I've been working on a post about what runners can get out of yoga--lo and behold, my running friend Kelly beat me to it! The workshop she took in San Francisco sounds awesome, and I'm looking forward to more from her irunlikeagirl blog. Check it out, it's new! Sounds like irunlikeagirl, the running lifestyle/fashion company she's managing director for, also has some new things in store, so I'd bookmark that one.

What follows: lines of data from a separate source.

lemma measure_no_pair_event_le_density:
  fixes f :: "'a \<times> 'b \<Rightarrow> ennreal" and M L :: nat and c :: real
  assumes X: "prob_space X" and Y: "prob_space Y" and f: "f \<in> borel_measurable (X \<Otimes>\<^sub>M Y)"
    and f_fst: "AE x in X. (\<integral>\<^sup>+ y. f (x, y) \<partial>Y) = 1"
    and f_snd: "AE y in Y. (\<integral>\<^sup>+ x. f (x, y) \<partial>X) = 1"
    and A: "A \<in> sets (X \<Otimes>\<^sub>M Y)" and f_A: "\<And>z. z \<in> A \<Longrightarrow> ennreal c * f z \<le> 1"
    and c: "0 < c" and M: "0 < M" and L: "0 < L"
  shows "measure (PiM {..<M} (\<lambda>_. X) \<Otimes>\<^sub>M PiM {..<L} (\<lambda>_. Y)) (no_pair_event X Y M L A)
    \<le> 1 - measure (density (X \<Otimes>\<^sub>M Y) f) A + min M L * c / 2 + exp (- (M * L * c))"
proof -
  interpret XY: prob_space "X \<Otimes>\<^sub>M Y"
    by (intro prob_space_pair X Y)
  define w where "w z = c * enn2real (f z) * indicator A z" for z
  have w_ennreal: "ennreal (w z) = ennreal c * (f z * indicator A z)" for z
    unfolding w_def by (rule ennreal_truncated_density[where f=f and A=A, OF c f_A])
  have w_meas: "w \<in> borel_measurable (X \<Otimes>\<^sub>M Y)"
    unfolding w_def using f A by measurable
  have w_bounds: "0 \<le> w z \<and> w z \<le> 1" for z
  proof -
    have "ennreal (w z) \<le> 1"
      using f_A[of z] by (cases "z \<in> A") (simp_all add: w_ennreal)
    then show ?thesis
      using c by (simp add: w_def)
  qed
  have w_A: "w z = 0" if "z \<notin> A" for z
    using that by (simp add: w_def)
  have w_le: "ennreal (w z) \<le> ennreal c * f z" for z
    unfolding w_ennreal by (simp add: indicator_def)
  have w_fst: "AE x in X. (\<integral>y. w (x, y) \<partial>Y) \<le> c"
    using f_fst AE_space
  proof eventually_elim
    case (elim x)
    show ?case
      by (rule integral_le_of_ennreal_le_mult[OF measurable_compose_Pair1[OF elim(2) f] elim(1) w_le])
         (use c in simp)
  qed
  have w_snd: "AE y in Y. (\<integral>x. w (x, y) \<partial>X) \<le> c"
    using f_snd AE_space
  proof eventually_elim
    case (elim y)
    show ?case
      by (rule integral_le_of_ennreal_le_mult[OF measurable_compose[OF measurable_Pair2'[OF elim(2)] f]
            elim(1) w_le])
         (use c in simp)
  qed
  have "(\<integral>z. w z \<partial>(X \<Otimes>\<^sub>M Y)) = c * measure (density (X \<Otimes>\<^sub>M Y) f) A"
    unfolding w_def using f A c f_A
    by (intro integral_truncated_density XY.finite_measure_axioms)
  then show ?thesis
    using measure_no_pair_event_le_weight_min[OF X Y A w_meas w_bounds w_A c w_fst w_snd M L] c
    by simp
qed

This Wednesday I coach my second yoga workout for my high school runners. I'll report back how it goes.

Saturday, January 5, 2013

Stuck on the treadmill? Make the best of it

I don't like spending time in the gym, and especially avoid treadmills (the only time I enjoyed myself on a treadmill was when I did this, as seen below. Bit of a different story.) Unfortunately, sometimes when we run, it just isn't possible to go outside. Here are a few things to remember when you're stuck on the treadmill.
  1. Pretend the treadmill isn't there. It's easy to hop on, press a few buttons so the machine tells you what to do, and check out. Unfortunately this can result in sloppy running, and potentially injuries down the road. Avoid using the handrails except when starting and stopping, and don't lean on the control panel.
  2. You still need to warm up and cool down! Build that extra time in when you're planning your workout.
  3. Don't overstride. Since the belt is pulling "the ground" away from under you, the impulse can be to run faster/longer to keep from falling off. Pay attention to maintaining your natural running gait, and have your feet land under your body instead of in front or behind. You will also be less likely to overstride if you don't make the pace and incline settings too challenging.
  4. Need entertainment? Try music or at least tv instead of reading. Paying too much attention to something else will interfere with how well you can focus on your workout, and can negatively impact your form (making you more susceptible to injury.)
  5. Change up the incline and pace. It's tempting to set a steep incline for the entire run when you want a challenge, but switching it up more effectively works your muscles. Variety also better simulates reality--5 mile-long hills are hard to find. As for changing pace, treadmill runs are a good time to do intervals, since you know exactly how fast you are running.
  6. Play the "how far have I gone?" game. Not the most exciting of games, but anything helps, right? Determine a period of time (say, 4 minutes) during which you don't allow yourself to look at the distance readout on your screen. Guess how far you will run during that time. It of course helps if you don't have the speed readout set to mph/kph! This is a great distraction if you're bored, and an opportunity to develop your internal sense of pacing--a skill you can take outside.
Add to this list by doing whatever it takes to keep these runs fun for you. Things I've recently tried include using my 2-month-old as workout buddy (he's on the play mat, I'm on the treadmill, we see how long he lasts. We're up to 15 minutes.) I've also dabbled in socks-only running to get some of the barefoot benefits. Which reminds me--if you're at home, you can wear whatever you want for your run and no one will bat an eye. Promise.